I didn't know Scotts made a spreader so similar to a Lesco


----------



## The Anti-Rebel (Feb 16, 2019)

they don't anymore. Now those are made and sold by the andersons. If it's for sale at a good price, I'd snatch it up quick.


----------



## Keepin It Reel (Feb 20, 2019)

It's actually a really good price. Just waiting on the guy to respond to see if it's still available.


----------



## TulsaFan (May 1, 2017)

MeanDean said:


> I didn't know Scotts made a spreader so similar to a Lesco


Here is the link for the Andersons thread with more info on the spreader or if you have questions about it.


----------



## Keepin It Reel (Feb 20, 2019)

TulsaFan said:


> MeanDean said:
> 
> 
> > I didn't know Scotts made a spreader so similar to a Lesco
> ...


Thanks! I'm familiar with The Anderson's spreader but I didn't know this same design came with other branding years ago.


----------



## TulsaFan (May 1, 2017)

MeanDean said:


> TulsaFan said:
> 
> 
> > MeanDean said:
> ...


Were you able to buy it?


----------



## Keepin It Reel (Feb 20, 2019)

TulsaFan said:


> MeanDean said:
> 
> 
> > TulsaFan said:
> ...


The dude is 3 hours from me and he's going to check shipping rates Monday.


----------



## Keepin It Reel (Feb 20, 2019)

Is this also an Anderson's?


----------



## TulsaFan (May 1, 2017)

Yes, or at least a variation of it. You can see the orange helix cone.


----------



## Keepin It Reel (Feb 20, 2019)

TulsaFan said:


> Yes, or at least a variation of it. You can see the orange helix cone.

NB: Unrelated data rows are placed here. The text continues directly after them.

lemma move_chip_along_edge:
  fixes E :: "('v::finite \<times> 'v) set"
  assumes "(a, b) \<in> E" "0 < \<xi> a"
  shows "(\<xi>, move_chip \<xi> a b) \<in> support_rel (reshuffle_step E)"
proof (cases "a = b")
  case True
  then show ?thesis by (simp add: move_chip_def support_rel_def reshuffle_step_lazy)
next
  case False
  have "E \<noteq> {}" using assms(1) by auto
  moreover have "move_chip \<xi> a b = \<xi>(a := \<xi> a - 1, b := \<xi> a + \<xi> b - (\<xi> a - 1))"
    using False assms(2) by (auto simp: move_chip_def fun_eq_iff)
  ultimately show ?thesis
    using assms(1) by (force simp: support_rel_def set_pmf_reshuffle_step set_pmf_reshuffle_edge)
qed

lemma move_chip_along_path:
  fixes E :: "('v::finite \<times> 'v) set"
  assumes "(a, b) \<in> E\<^sup>*" "0 < \<xi> a"
  shows "(\<xi>, move_chip \<xi> a b) \<in> (support_rel (reshuffle_step E))\<^sup>*"
  using assms(1)
proof (induction rule: rtrancl_induct)
  case base
  then show ?case by (simp add: move_chip_def)
next
  case (step b c)
  consider "b = c" | "a = b" "b \<noteq> c" | "a \<noteq> b" "b \<noteq> c" by blast
  then show ?case
  proof cases
    case 1
    then show ?thesis using step.IH by simp
  next
    case 2
    then show ?thesis using r_into_rtrancl[OF move_chip_along_edge[OF step.hyps(2)]] assms(2) by simp
  next
    case 3
    then have "0 < move_chip \<xi> a b b" "move_chip (move_chip \<xi> a b) b c = move_chip \<xi> a c"
      using assms(2) by (auto simp: move_chip_def fun_eq_iff)
    then show ?thesis
      using rtrancl_into_rtrancl[OF step.IH move_chip_along_edge[OF step.hyps(2)]] by simp
  qed
qed

lemma configs_le_imp_eq:
  assumes "\<xi> \<in> configs M" "\<xi>' \<in> configs M" "\<And>x. \<xi> x \<le> \<xi>' x"
  shows "\<xi> = \<xi>'"
proof (rule ccontr)
  assume "\<xi> \<noteq> \<xi>'"
  then obtain x where "\<xi> x < \<xi>' x" using assms(3) le_neq_implies_less by blast
  then have "(\<Sum>x\<in>UNIV. \<xi> x) < (\<Sum>x\<in>UNIV. \<xi>' x)"
    using assms(3) by (intro sum_strict_mono_ex1) auto
  then show False using assms(1,2) by (simp add: configs_def)
qed

lemma reshuffle_irreducible:
  fixes E :: "('v::finite \<times> 'v) set"
  assumes "irrefl E" and connected: "\<forall>x y. (x, y) \<in> E\<^sup>*"
  shows "configs M \<times> configs M \<subseteq> (support_rel (reshuffle_step E))\<^sup>*"
proof clarify
  fix \<xi> \<xi>' :: "'v \<Rightarrow> nat"
  assume "\<xi> \<in> configs M" "\<xi>' \<in> configs M"
  then show "(\<xi>, \<xi>') \<in> (support_rel (reshuffle_step E))\<^sup>*"
    \<comment> \<open>induction on the surplus of \<xi> over \<xi>'; carrying a chip from a surplus vertex to a
      deficit vertex lowers it by one\<close>
  proof (induction "\<Sum>x\<in>UNIV. \<xi> x - \<xi>' x" arbitrary: \<xi> rule: less_induct)
    case less
    show ?case
    proof (cases "\<xi> = \<xi>'")
      case False
      obtain a where a: "\<xi>' a < \<xi> a"
        using configs_le_imp_eq[OF less.prems] False not_le by blast
      obtain b where b: "\<xi> b < \<xi>' b"
        using configs_le_imp_eq[OF less.prems(2,1)] False not_le by metis
      let ?\<zeta> = "move_chip \<xi> a b"
      have path: "(\<xi>, ?\<zeta>) \<in> (support_rel (reshuffle_step E))\<^sup>*"
        using connected a by (intro move_chip_along_path) auto
      have "?\<zeta> \<in> configs M"
        using reshuffle_step_closed[OF assms(1)] path less.prems(1) by (rule support_rel_rtrancl_closed)
      moreover have "(\<Sum>x\<in>UNIV. ?\<zeta> x - \<xi>' x) < (\<Sum>x\<in>UNIV. \<xi> x - \<xi>' x)"
        using a b by (intro sum_strict_mono_ex1) (auto simp: move_chip_def)
      ultimately show ?thesis
        using less.hyps less.prems(2) path by (meson rtrancl_trans)
    qed simp
  qed
qed

theorem lemma1:
  fixes E :: "('v::finite \<times> 'v) set" and M :: nat
  assumes "connected_graph E"
  shows "\<exists>\<pi>. reshuffle_stationary E M \<pi>
            \<and> (\<forall>\<pi>'. reshuffle_stationary E M \<pi>' \<longrightarrow> \<pi>' = \<pi>)
            \<and> (\<forall>\<xi>\<in>configs M. \<forall>\<eta>\<in>configs M.
                 (\<lambda>t. pmf (reshuffle_law E \<eta> t) \<xi>) \<longlonglongrightarrow> pmf \<pi> \<xi>)"
proof -
  have irrefl: "irrefl E" and connected: "\<forall>x y. (x, y) \<in> E\<^sup>*"
    using assms by (auto simp: connected_graph_def)
  interpret doubly_stochastic_kernel "configs M" "reshuffle_step E"
    using irrefl by (rule reshuffle_doubly_stochastic)
  obtain k \<delta> where "0 < \<delta>"
    and minor: "\<forall>a\<in>configs M. \<forall>b\<in>configs M. \<delta> \<le> pmf (markov_law (reshuffle_step E) (return_pmf a) k) b"
    by (rule lazy_irreducible_minorization[OF finite_S S_nonempty reshuffle_step_lazy
        reshuffle_irreducible[OF irrefl connected]])
  show ?thesis
  proof (intro exI conjI allI impI ballI)
    show "reshuffle_stationary E M (pmf_of_set (configs M))"
      using finite_S S_nonempty by (simp add: reshuffle_stationary_def pmf_of_set_stationary)
    show "\<pi> = pmf_of_set (configs M)" if "reshuffle_stationary E M \<pi>" for \<pi>
      using that stationary_eq_pmf_of_set[OF minor \<open>0 < \<delta>\<close>]
      unfolding reshuffle_stationary_def by blast
    show "(\<lambda>t. pmf (reshuffle_law E \<eta> t) \<xi>) \<longlonglongrightarrow> pmf (pmf_of_set (configs M)) \<xi>"
      if "\<xi> \<in> configs M" "\<eta> \<in> configs M" for \<xi> \<eta>
      using markov_law_tendsto_uniform[OF minor \<open>0 < \<delta>\<close>, of "return_pmf \<eta>" \<xi>] that
      by (simp add: reshuffle_law_eq_markov_law)
  qed
qed

end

Thanks. It doesn't have the "edge guard" like the others I've seen.

Here are a few more photos...


----------



## TulsaFan (May 1, 2017)

It doesn't have the third hole shut off as well.


----------



## Keepin It Reel (Feb 20, 2019)

Think I'll pass on this one. Thanks for the input and knowledge!


----------



## Mets367 (Oct 9, 2019)

Guess what I bought yesterday? Yup, the one and only spreader this thread started with.


----------



## TulsaFan (May 1, 2017)

Mets367 said:


> Guess what I bought yesterday? Yup, the one and only spreader this thread started with.


Were you near South Carolina?


----------



## Mets367 (Oct 9, 2019)

I was last weekend but didn't see it pop up in my FB Marketplace till Thursday evening. Reached out to seller and had my best friend who lives on HH pick it up for me. He will figure out how to ship it to me in Indiana. Can't wait to see it up close. Have all winter to take it apart and build it back up. Yay me!


----------



## TulsaFan (May 1, 2017)

Mets367 said:


> I was last weekend but didn't see it pop up in my FB Marketplace till Thursday evening. Reached out to seller and had my best friend who lives on HH pick it up for me. He will figure out how to ship it to me in Indiana. Can't wait to see it up close. Have all winter to take it apart and build it back up. Yay me!


Congrats!


----------



## Butter (Nov 14, 2017)

@Mets367 
Awesome! Your gonna love that spreader.
Not to sound too dramatic but mine has been life changing!
Congrats!


----------



## dacoyne (May 27, 2018)

Awesome, another member to the club. The whole assembly comes apart pretty easily to break down for shipping and replacing of parts. Parts are cheap and easy to come by with a phone call to The Andersons. Check out the Andersons spreader thread on here. I also have a Scotts branded one like yours. You're gonna love it
https://thelawnforum.com/viewtopic.php?t=7923


----------



## Mets367 (Oct 9, 2019)

Thanks guys. I've been lurking for a cpl of weeks and basically memorized the Andersons thread already &#128514;


----------